I_{corr} = \frac{I_{meas} - BG}{U}

(3)

where $I_{corr}$ is the corrected intensity, $I_{meas}$ is the measured intensity, BG is the background intensity and U is the defocusing pattern. The initial texture of the material in terms of ${200}$ , ${220}$ and ${111}$ stereographic pole figures along with the associated ODF are presented in the “Results” section.

Tensile test

The tensile test is carried out to measure the stress–strain behavior of the material. For this purpose, a sample with dimensions shown in Figure 3 is prepared according to the ASTM E8-04 standard. The load–displacement curve is measured at a loading rate of $0.5 mm / s$ to a final strain of 0.23 at room temperature. The resulted experimental stress–strain data along with the calibrated simulation curve are presented in the “Results” section.

Figure 3.

Dimensions of the tensile test sample (in).

FLD

Hemi-spherical punch test is performed for samples with different aspect ratios to measure forming limits of AA1050 sheet of 1 mm thickness. The initial geometry of the sheet samples used in the test is presented in Figure 4.

Figure 4.

Initial geometry of the sheet samples of FLD test.

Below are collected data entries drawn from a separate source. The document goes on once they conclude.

lemma continuous_on_sqdist_defect:
  assumes "finite I" "k \<in> I" "D \<noteq> {}"
  shows "continuous_on UNIV (sqdist_defect I D k q X)"
proof -
  have "1-lipschitz_on UNIV (\<lambda>t. l2_setdist I D (X(k := X k + t)))"
  proof (rule lipschitz_onI)
    fix t s :: real
    show "dist (l2_setdist I D (X(k := X k + t))) (l2_setdist I D (X(k := X k + s))) \<le> 1 * dist t s"
      using l2_setdist_lipschitz[OF assms(3), of I "X(k := X k + t)" "X(k := X k + s)"]
        l2_dist_fun_upd_fun_upd[OF assms(1,2)]
      by (simp add: dist_real_def)
  qed simp
  then have "continuous_on UNIV (\<lambda>t. l2_setdist I D (X(k := X k + t)))"
    by (rule lipschitz_on_continuous_on)
  then show ?thesis unfolding sqdist_defect_def[abs_def] by (intro continuous_intros)
qed

lemma defect_set_rat:
  assumes "finite I" "k \<in> I" "D \<noteq> {}"
  shows "defect_set I D k q e =
    {X \<in> PiE I (\<lambda>_. UNIV). \<forall>t::rat. sqdist_defect I D k q X (of_rat t) \<le> - 2*e*\<bar>of_rat t\<bar>}"
proof -
  have "(\<forall>t. sqdist_defect I D k q X t \<le> - 2*e*\<bar>t\<bar>) \<longleftrightarrow>
        (\<forall>t::rat. sqdist_defect I D k q X (of_rat t) \<le> - 2*e*\<bar>of_rat t\<bar>)" for X
  proof
    let ?S = "{t. sqdist_defect I D k q X t \<le> - 2*e*\<bar>t\<bar>}"
    assume "\<forall>t::rat. sqdist_defect I D k q X (of_rat t) \<le> - 2*e*\<bar>of_rat t\<bar>"
    then have "\<rat> \<subseteq> ?S" by (auto elim!: Rats_cases)
    moreover have "closed ?S"
      by (intro closed_Collect_le continuous_on_sqdist_defect assms continuous_intros)
    ultimately have "closure \<rat> \<subseteq> ?S" by (rule closure_minimal)
    then show "\<forall>t. sqdist_defect I D k q X t \<le> - 2*e*\<bar>t\<bar>" by (auto simp: Rats_closure_real)
  qed (metis abs_of_rat)
  then show ?thesis unfolding defect_set_def by auto
qed

lemma exists_rational_l2_dist_less:
  assumes "finite I" "e > 0"
  shows "\<exists>Z\<in>PiE I (\<lambda>_. \<rat>). l2_dist I X Z < e"
proof -
  define e' where "e' = e / (real (card I) + 1)"
  have "e' > 0" using assms(2) by (simp add: e'_def)
  then have "\<forall>i. \<exists>z\<in>\<rat>. X i - e' < z \<and> z < X i + e'"
    using Rats_dense_in_real[of "X i - e'" "X i + e'" for i] by auto
  then obtain z where z: "\<And>i. z i \<in> \<rat>" "\<And>i. \<bar>X i - z i\<bar> \<le> e'"
    by (metis abs_diff_le_iff less_eq_real_def diff_less_eq)
  have "l2_dist I X (restrict z I) \<le> (\<Sum>i\<in>I. \<bar>X i - restrict z I i\<bar>)"
    unfolding l2_dist_def by (rule L2_set_le_sum_abs)
  also have "\<dots> \<le> real (card I) * e'"
    using sum_mono[of I "\<lambda>i. \<bar>X i - restrict z I i\<bar>" "\<lambda>_. e'"] z(2) by simp
  also have "\<dots> < e" unfolding e'_def using assms(2) by (simp add: field_simps)
  finally show ?thesis using z(1) by (intro bexI[of _ "restrict z I"]) auto
qed

lemma l2_setdist_eq_INF_rational:
  assumes "finite I" "D \<noteq> {}"
  shows "l2_setdist I D X = (INF Z\<in>PiE I (\<lambda>_. \<rat>). l2_setdist I D Z + l2_dist I X Z)"
proof (rule antisym)
  have ne: "PiE I (\<lambda>_. \<rat>) \<noteq> {}" using Rats_0 by (auto simp: PiE_eq_empty_iff)
  show "l2_setdist I D X \<le> (INF Z\<in>PiE I (\<lambda>_. \<rat>). l2_setdist I D Z + l2_dist I X Z)"
    by (rule cINF_greatest[OF ne]) (rule l2_setdist_triangle[OF assms(2)])
  have bdd: "bdd_below ((\<lambda>Z. l2_setdist I D Z + l2_dist I X Z) ` PiE I (\<lambda>_. \<rat>))"
    by (rule bdd_belowI[of _ 0]) (auto intro!: add_nonneg_nonneg l2_setdist_nonneg[OF assms(2)] l2_dist_nonneg)
  show "(INF Z\<in>PiE I (\<lambda>_. \<rat>). l2_setdist I D Z + l2_dist I X Z) \<le> l2_setdist I D X"
  proof (rule field_le_epsilon)
    fix e :: real assume "e > 0"
    then obtain Z where Z: "Z \<in> PiE I (\<lambda>_. \<rat>)" "l2_dist I X Z < e/2"
      using exists_rational_l2_dist_less[OF assms(1), of "e/2" X] by auto
    have "(INF Z\<in>PiE I (\<lambda>_. \<rat>). l2_setdist I D Z + l2_dist I X Z) \<le> l2_setdist I D Z + l2_dist I X Z"
      by (rule cINF_lower[OF bdd Z(1)])
    also have "\<dots> \<le> l2_setdist I D X + l2_dist I Z X + l2_dist I X Z"
      using l2_setdist_triangle[OF assms(2), of I Z X] by simp
    also have "\<dots> \<le> l2_setdist I D X + e" using Z(2) l2_dist_commute[of I Z X] by simp
    finally show "(INF Z\<in>PiE I (\<lambda>_. \<rat>). l2_setdist I D Z + l2_dist I X Z) \<le> l2_setdist I D X + e" .
  qed
qed

lemma borel_measurable_l2_setdist:
  assumes "finite I" "D \<noteq> {}" "\<And>i. i \<in> I \<Longrightarrow> (\<lambda>x. F x i) \<in> borel_measurable M"
  shows "(\<lambda>x. l2_setdist I D (F x)) \<in> borel_measurable M"
proof -
  have "(\<lambda>x. INF Z\<in>PiE I (\<lambda>_. \<rat>). l2_setdist I D Z + l2_dist I (F x) Z) \<in> borel_measurable M"
  proof (rule borel_measurable_cINF_real)
    show "countable (PiE I (\<lambda>_. \<rat>))" by (intro countable_PiE assms(1) countable_rat)
    fix Z
    have "(\<lambda>x. \<Sum>i\<in>I. (F x i - Z i)\<^sup>2) \<in> borel_measurable M"
      by (rule borel_measurable_sum) (use assms(3) in measurable)
    then show "(\<lambda>x. l2_setdist I D Z + l2_dist I (F x) Z) \<in> borel_measurable M"
      unfolding l2_dist_def L2_set_def by measurable
  qed
  then show ?thesis by (subst l2_setdist_eq_INF_rational[OF assms(1,2)])
qed

lemma defect_set_sets:
  assumes "finite I" "k \<in> I" "D \<noteq> {}"
  shows "defect_set I D k q e \<in> sets (PiM I (\<lambda>_. lborel))"
proof -
  let ?M = "PiM I (\<lambda>_. lborel)"
  have coord: "(\<lambda>X. X i) \<in> borel_measurable ?M" if "i \<in> I" for i
    using measurable_component_singleton[OF that, of "\<lambda>_. lborel"] by simp
  have "(\<lambda>X. sqdist_defect I D k q X t) \<in> borel_measurable ?M" for t
  proof -
    have "(\<lambda>X. l2_setdist I D (X(k := X k + t))) \<in> borel_measurable ?M"
      by (rule borel_measurable_l2_setdist[OF assms(1,3)]) (use coord assms(2) in auto)
    moreover have "(\<lambda>X. l2_setdist I D X) \<in> borel_measurable ?M"
      using borel_measurable_l2_setdist[OF assms(1,3), where F="\<lambda>X. X"] coord by auto
    ultimately show ?thesis unfolding sqdist_defect_def using coord[OF assms(2)] by measurable
  qed
  then have "Measurable.pred ?M (\<lambda>X. \<forall>t::rat. sqdist_defect I D k q X (of_rat t) \<le> - 2*e*\<bar>of_rat t\<bar>)"
    by measurable
  then show ?thesis unfolding defect_set_rat[OF assms] by (simp add: pred_def space_PiM)
qed

lemma defect_set_null:
  assumes "finite I" "k \<in> I" "D \<noteq> {}" "e > 0"
  shows "defect_set I D k q e \<in> null_sets (PiM I (\<lambda>_. lborel))"
proof -
  interpret product_sigma_finite "\<lambda>_. lborel" by standard
  let ?C = "defect_set I D k q e"
  have C: "?C \<in> sets (PiM I (\<lambda>_. lborel))" by (rule defect_set_sets[OF assms(1-3)])
  have section_null: "(\<integral>\<^sup>+ y. indicator ?C (X(k := y)) \<partial>lborel) = 0" for X
  proof -
    have "countable {y. X(k := y) \<in> ?C}"
    proof (cases "{y. X(k := y) \<in> ?C} = {}")
      case False
      then obtain y\<^sub>0 where "X(k := y\<^sub>0) \<in> ?C" by auto
      with defect_set_axis_line_unique[OF assms(4) this] have "{y. X(k := y) \<in> ?C} \<subseteq> {y\<^sub>0}"
        by blast
      then show ?thesis using countable_subset by blast
    qed simp
    then have "AE y in lborel. indicator ?C (X(k := y)) = (0::ennreal)"
      by (rule AE_mp[OF AE_not_in[OF countable_imp_null_set_lborel]]) (auto simp: indicator_def)
    from nn_integral_cong_AE[OF this] show ?thesis by simp
  qed
  have "emeasure (PiM I (\<lambda>_. lborel)) ?C = (\<integral>\<^sup>+ X. indicator ?C X \<partial>PiM I (\<lambda>_. lborel))"
    using C by simp
  also have "\<dots> = (\<integral>\<^sup>+ X. (\<integral>\<^sup>+ y. indicator ?C (X(k := y)) \<partial>lborel) \<partial>PiM (I - {k}) (\<lambda>_. lborel))"
    using product_nn_integral_insert[of "I - {k}" k "indicator ?C"] assms(1,2) C
    by (simp add: insert_absorb)
  also have "\<dots> = 0" by (simp add: section_null)
  finally show ?thesis using C by auto
qed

The square geometry—aspect ratio = 1—is designed to produce a strain path at the right-hand side of the FLD. In this region, appropriate lubrication improves the loading symmetry and enables us to approach to the more equi-biaxial strain paths. The high aspect ratio samples are designed to produce a strain path at the left-hand side of the FLD. These samples are prone to tear from blank holder edge. In order to prevent sample edges from tearing, an amount of the material is removed from two middle sides of the samples. In this way, the central part of the sample is weakened and necking occurs in this region.

In order to measure the principal strains after necking, a pattern of circle grids of 0.1 in diameter is etch-printed on the initial sample surfaces. The circles deform to some ellipses and the diameters are used to measure the average principal strains in each circle. The samples are drawn with a punch travel rate of $0.5 mm / s$ . The employed press is a 30-ton hydraulic press with 250 mm ram stroke and table size of $600 \times 450 mm$ . The complete set of employed hydraulic press, die, punch and blank holder is shown in Figure 5. On the initiation of necking, the machine load decreases and loading is stopped.

Figure 5.

The employed hydraulic press with the complete set of die, punch and blank holder.

The sheet samples after necking are presented in Figure 6. The strains of each sample at the initiation of necking is measured and represented on the plane of principal strains to construct FLD. The resulted experimental FLD along with the numerical prediction are presented in the “Results” section.

Figure 6.

Sheet samples after necking.

Constitutive relations

Stress–strain relations

The total deformation of the material at the crystal scale is considered to be composed of two parts²⁵

F = F^{*} \cdot F^{P}

(4)

in which

F^{P} = I + \sum_{α = 1}^{n_{s}} γ^{α} (s_{0}^{α} \otimes n_{0}^{α})

(5)

and so, the rate of deformation tensor $D$ , according to its definition,²⁶ will be

D = D^{*} + \sum_{α = 1}^{n_{s}} P^{α} {\overset{\cdot}{γ}}^{α}

(6)

where $P^{α}$ is the symmetric part of Schmid tensor

m^{α} = s^{α} \otimes n^{α}

(7)

The interested reader can refer to Hajian and Assempour²² for detailed description.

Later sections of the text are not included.